* Task instructions *
Could you find every line in the entries below that holds the word "integrable" and copy it?

[[ Record excerpts open ]]

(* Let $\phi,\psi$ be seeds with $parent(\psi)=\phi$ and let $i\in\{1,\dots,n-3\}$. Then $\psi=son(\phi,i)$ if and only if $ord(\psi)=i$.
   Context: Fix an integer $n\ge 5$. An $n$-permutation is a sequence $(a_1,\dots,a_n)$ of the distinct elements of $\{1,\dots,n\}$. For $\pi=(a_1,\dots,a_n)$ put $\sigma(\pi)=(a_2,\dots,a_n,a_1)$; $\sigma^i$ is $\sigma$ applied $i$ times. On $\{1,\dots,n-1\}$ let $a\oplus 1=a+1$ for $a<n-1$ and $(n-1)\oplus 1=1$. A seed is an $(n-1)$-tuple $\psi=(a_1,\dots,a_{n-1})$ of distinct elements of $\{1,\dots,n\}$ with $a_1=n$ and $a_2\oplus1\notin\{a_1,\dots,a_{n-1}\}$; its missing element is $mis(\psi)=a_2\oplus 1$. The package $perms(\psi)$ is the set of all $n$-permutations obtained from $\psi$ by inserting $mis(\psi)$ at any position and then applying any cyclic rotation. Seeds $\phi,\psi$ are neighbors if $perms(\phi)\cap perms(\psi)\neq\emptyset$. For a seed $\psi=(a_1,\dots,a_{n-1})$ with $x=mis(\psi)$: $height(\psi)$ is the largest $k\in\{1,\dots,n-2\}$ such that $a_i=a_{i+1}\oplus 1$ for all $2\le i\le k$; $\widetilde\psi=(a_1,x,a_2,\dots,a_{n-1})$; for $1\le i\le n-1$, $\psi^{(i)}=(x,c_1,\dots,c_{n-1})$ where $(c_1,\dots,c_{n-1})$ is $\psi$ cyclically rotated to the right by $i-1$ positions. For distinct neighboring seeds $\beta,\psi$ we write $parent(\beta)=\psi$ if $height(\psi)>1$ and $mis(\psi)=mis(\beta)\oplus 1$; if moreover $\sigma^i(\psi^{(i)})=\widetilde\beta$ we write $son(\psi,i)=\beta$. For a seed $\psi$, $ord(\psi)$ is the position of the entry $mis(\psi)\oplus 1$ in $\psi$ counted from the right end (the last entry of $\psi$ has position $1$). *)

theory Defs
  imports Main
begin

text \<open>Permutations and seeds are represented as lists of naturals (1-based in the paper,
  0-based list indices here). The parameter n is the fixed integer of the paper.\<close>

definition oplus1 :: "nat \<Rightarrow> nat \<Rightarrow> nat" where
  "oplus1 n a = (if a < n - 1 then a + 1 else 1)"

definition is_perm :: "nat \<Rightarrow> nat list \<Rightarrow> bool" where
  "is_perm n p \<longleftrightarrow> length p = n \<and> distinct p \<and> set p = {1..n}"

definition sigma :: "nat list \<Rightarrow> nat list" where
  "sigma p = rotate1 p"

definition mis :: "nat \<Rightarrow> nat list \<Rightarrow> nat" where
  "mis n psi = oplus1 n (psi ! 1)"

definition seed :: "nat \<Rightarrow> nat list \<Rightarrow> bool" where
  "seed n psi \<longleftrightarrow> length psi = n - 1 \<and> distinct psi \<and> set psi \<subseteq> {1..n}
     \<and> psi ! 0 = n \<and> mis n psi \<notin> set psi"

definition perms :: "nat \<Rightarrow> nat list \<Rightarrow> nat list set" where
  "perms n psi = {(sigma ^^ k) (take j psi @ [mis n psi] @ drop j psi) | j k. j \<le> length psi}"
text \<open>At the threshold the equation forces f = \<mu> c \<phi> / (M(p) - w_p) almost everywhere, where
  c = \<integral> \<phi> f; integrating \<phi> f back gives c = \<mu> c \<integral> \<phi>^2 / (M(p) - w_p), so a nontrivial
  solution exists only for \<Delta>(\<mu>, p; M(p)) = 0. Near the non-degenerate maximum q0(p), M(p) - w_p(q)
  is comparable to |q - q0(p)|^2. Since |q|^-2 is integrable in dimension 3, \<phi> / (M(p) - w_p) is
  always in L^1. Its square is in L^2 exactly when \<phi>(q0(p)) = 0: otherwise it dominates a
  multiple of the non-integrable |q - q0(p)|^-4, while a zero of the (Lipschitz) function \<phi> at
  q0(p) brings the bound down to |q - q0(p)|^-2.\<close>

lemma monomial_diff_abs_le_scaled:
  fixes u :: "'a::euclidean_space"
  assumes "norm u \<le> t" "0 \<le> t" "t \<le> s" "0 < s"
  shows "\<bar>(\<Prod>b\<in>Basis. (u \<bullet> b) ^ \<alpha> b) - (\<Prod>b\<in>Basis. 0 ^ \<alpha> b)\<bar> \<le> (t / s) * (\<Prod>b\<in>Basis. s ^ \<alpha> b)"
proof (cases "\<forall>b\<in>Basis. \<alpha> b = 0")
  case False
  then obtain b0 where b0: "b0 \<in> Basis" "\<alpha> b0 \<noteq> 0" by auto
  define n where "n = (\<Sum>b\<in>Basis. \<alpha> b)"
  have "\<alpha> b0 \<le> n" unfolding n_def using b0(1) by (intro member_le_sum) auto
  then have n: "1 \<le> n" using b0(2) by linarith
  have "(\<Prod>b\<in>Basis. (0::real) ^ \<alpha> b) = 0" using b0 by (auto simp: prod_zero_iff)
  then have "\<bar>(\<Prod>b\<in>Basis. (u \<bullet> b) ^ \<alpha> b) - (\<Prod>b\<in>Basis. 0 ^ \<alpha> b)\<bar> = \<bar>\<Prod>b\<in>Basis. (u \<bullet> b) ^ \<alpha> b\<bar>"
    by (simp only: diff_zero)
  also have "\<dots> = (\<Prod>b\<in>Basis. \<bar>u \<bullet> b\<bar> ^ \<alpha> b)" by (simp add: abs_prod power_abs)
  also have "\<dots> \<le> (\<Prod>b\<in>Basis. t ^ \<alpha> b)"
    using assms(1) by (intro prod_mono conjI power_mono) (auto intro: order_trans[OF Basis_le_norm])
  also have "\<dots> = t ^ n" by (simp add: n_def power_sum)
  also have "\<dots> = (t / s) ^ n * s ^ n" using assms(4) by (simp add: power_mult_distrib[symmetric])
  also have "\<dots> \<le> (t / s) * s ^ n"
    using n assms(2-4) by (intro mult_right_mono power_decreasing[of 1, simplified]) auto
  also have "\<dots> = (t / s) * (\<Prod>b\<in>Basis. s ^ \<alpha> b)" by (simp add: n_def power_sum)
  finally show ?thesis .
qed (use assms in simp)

[[ Record excerpts closed ]]

* Exercise response *
  is comparable to |q - q0(p)|^2. Since |q|^-2 is integrable in dimension 3, \<phi> / (M(p) - w_p) is
  multiple of the non-integrable |q - q0(p)|^-4, while a zero of the (Lipschitz) function \<phi> at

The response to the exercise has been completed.